On several of my SBC setups, the yaserde
version fails to compile
without enabling zramfs.
yaserde
's derive macros will panic in some cases with an unhelpful error
message. In others, they emit code that doesn't compile and doesn't have the
proper spans. Eg, if a field doesn't implement the required YaSerialize
interface, it describes the problem but doesn't pinpoint the offending line of
code:
error[E0277]: the trait bound `Foo: YaSerialize` is not satisfied
--> schema/src/common.rs:38:37
|
38 | #[derive(Default, PartialEq, Debug, YaSerialize, YaDeserialize)]
| ^^^^^^^^^^^ the trait `YaSerialize` is not implemented for `Foo`
|
note: required by a bound in `yaserde::YaSerialize::serialize`
--> /home/slamb/.cargo/registry/src/github.com-1ecc6299db9ec823/yaserde-0.7.1/src/lib.rs:106:19
|
106 | fn serialize<W: Write>(&self, writer: &mut ser::Serializer<W>) -> Result<(), String>;
| ^^^^^ required by this bound in `yaserde::YaSerialize::serialize`
= note: this error originates in the derive macro `YaSerialize` (in Nightly builds, run with -Z macro-backtrace for more info)
static-xml
's derive macros always try to add a relevant span.

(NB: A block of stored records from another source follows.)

(* Let $a\in C^2([0,T]\times[-\pi,\pi])$ solve $$\partial_t a+\Big(\int_{-\pi}^x a(t,\bar x)\,d\bar x\Big)\partial_x a-a^2+\frac1\pi\int_{-\pi}^{\pi}a^2\,dx=0,\qquad \int_{-\pi}^\pi a(t,x)dx=0,$$ and set $a_0=a(0,\cdot)$. Assume $a_0$ attains its maximum at an interior point $x_0^*\in(-\pi,\pi)$. Then for all $t\in[0,T]$, $x\mapsto a(t,x)$ attains its maximum at $x^*(t)$, the characteristic starting from $x_0^*$, and moreover $\partial_xa(t,x^*(t))=0$ and $\partial_x^2a(t,x^*(t))=\partial_x^2a_0(x_0^* )$.
   Context: The characteristic starting from $x_0^*$ is the solution of $\frac{d}{dt}x^*(t)=\int_{-\pi}^{x^*(t)}a(t,x)\,dx$, $x^*(0)=x_0^*$. *)

theory Defs
  imports "HOL-Analysis.Analysis"
begin

definition rect :: "real \<Rightarrow> (real \<times> real) set" where
  "rect T = {0..T} \<times> {-pi..pi}"

definition C2_rect ::
  "real \<Rightarrow> (real \<Rightarrow> real \<Rightarrow> real) \<Rightarrow> (real \<Rightarrow> real \<Rightarrow> real) \<Rightarrow> (real \<Rightarrow> real \<Rightarrow> real)
    \<Rightarrow> (real \<Rightarrow> real \<Rightarrow> real) \<Rightarrow> (real \<Rightarrow> real \<Rightarrow> real) \<Rightarrow> (real \<Rightarrow> real \<Rightarrow> real)
    \<Rightarrow> (real \<Rightarrow> real \<Rightarrow> real) \<Rightarrow> bool" where
  "C2_rect T a a_at a_ax a_att a_atx a_axt a_axx \<longleftrightarrow>
     (\<forall>t\<in>{0..T}. \<forall>x\<in>{-pi..pi}.
        ((\<lambda>s. a s x) has_real_derivative a_at t x) (at t within {0..T}) \<and>
        ((\<lambda>y. a t y) has_real_derivative a_ax t x) (at x within {-pi..pi}) \<and>
        ((\<lambda>s. a_at s x) has_real_derivative a_att t x) (at t within {0..T}) \<and>
        ((\<lambda>y. a_at t y) has_real_derivative a_atx t x) (at x within {-pi..pi}) \<and>
        ((\<lambda>s. a_ax s x) has_real_derivative a_axt t x) (at t within {0..T}) \<and>
        ((\<lambda>y. a_ax t y) has_real_derivative a_axx t x) (at x within {-pi..pi})) \<and>
     continuous_on (rect T) (\<lambda>(t,x). a t x) \<and>
     continuous_on (rect T) (\<lambda>(t,x). a_at t x) \<and>
     continuous_on (rect T) (\<lambda>(t,x). a_ax t x) \<and>
     continuous_on (rect T) (\<lambda>(t,x). a_att t x) \<and>
     continuous_on (rect T) (\<lambda>(t,x). a_atx t x) \<and>
     continuous_on (rect T) (\<lambda>(t,x). a_axt t x) \<and>
     continuous_on (rect T) (\<lambda>(t,x). a_axx t x)"

end

(* With vel t x the integral of a t over [-pi..x] and energy t = (1/pi) * integral of (a t)^2, the
   equation reads a_at = a^2 - energy - vel * a_ax. Since vel t (-pi) = vel t pi = 0, |vel t x| is
   at most a constant times the distance from x to the boundary, so by Gronwall the characteristic
   xs, which solves xs' = vel t xs, never reaches -pi or pi.
   Along xs the equation gives d/dt a t (xs t) = a^2 - energy t. At any maximum point of a t the
   transport term vel * a_ax vanishes (a_ax = 0 in the interior, vel = 0 at the ends), so a
   Danskin-type argument bounds the upper right Dini derivative of amax t = max (a t) by
   amax^2 - energy t. The gap amax t - a t (xs t) is therefore nonnegative, vanishes at t = 0 and
   has Dini derivative at most a constant times itself, hence it vanishes identically; Fermat's rule
   then gives a_ax t (xs t) = 0.
   Only C^2 regularity is available, so a_axx is not differentiated along xs. Instead the second
   difference G t = a t (xs t + h) - a t (xs t), which is a_axx t (xs t) h^2/2 + o(h^2) uniformly
   in t, has time derivative a(xs + h)^2 - a(xs)^2 - a_ax(xs + h) (vel(xs + h) - vel(xs)), in which
   the terms of order h^2 cancel. Hence a_axx t (xs t) - a_axx 0 x0 = o(1) as h -> 0. *)

theory Submission
  imports Defs
begin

error[E0277]: the trait bound `Foo: ParseText` is not satisfied
--> schema/src/common.rs:49:9
|
49 | pub foo: Foo,
| ^^^ the trait `ParseText` is not implemented for `Foo`
|
= note: required because of the requirements on the impl of `Deserialize` for `Foo`
= note: required because of the requirements on the impl of `DeserializeFieldBuilder` for `Foo`
= help: see issue #48214
yaserde
requires that every deserializable type implement Default
, which is
particularly awkward for enum
s. It also doesn't support required fields or
distinguishing between absent fields and ones set to the default value.
static-xml
avoids this by defining a builder type matching each deserializable
type. Some caveats apply: currently the builders' finalize
methods are a
significant source of code bloat, so there's a direct
knob to turn them off.
I'd like to see if I can reduce the bloat without giving up the builders'
advantages.
Your choice of MIT or Apache; see LICENSE-MIT.txt or LICENSE-APACHE, respectively.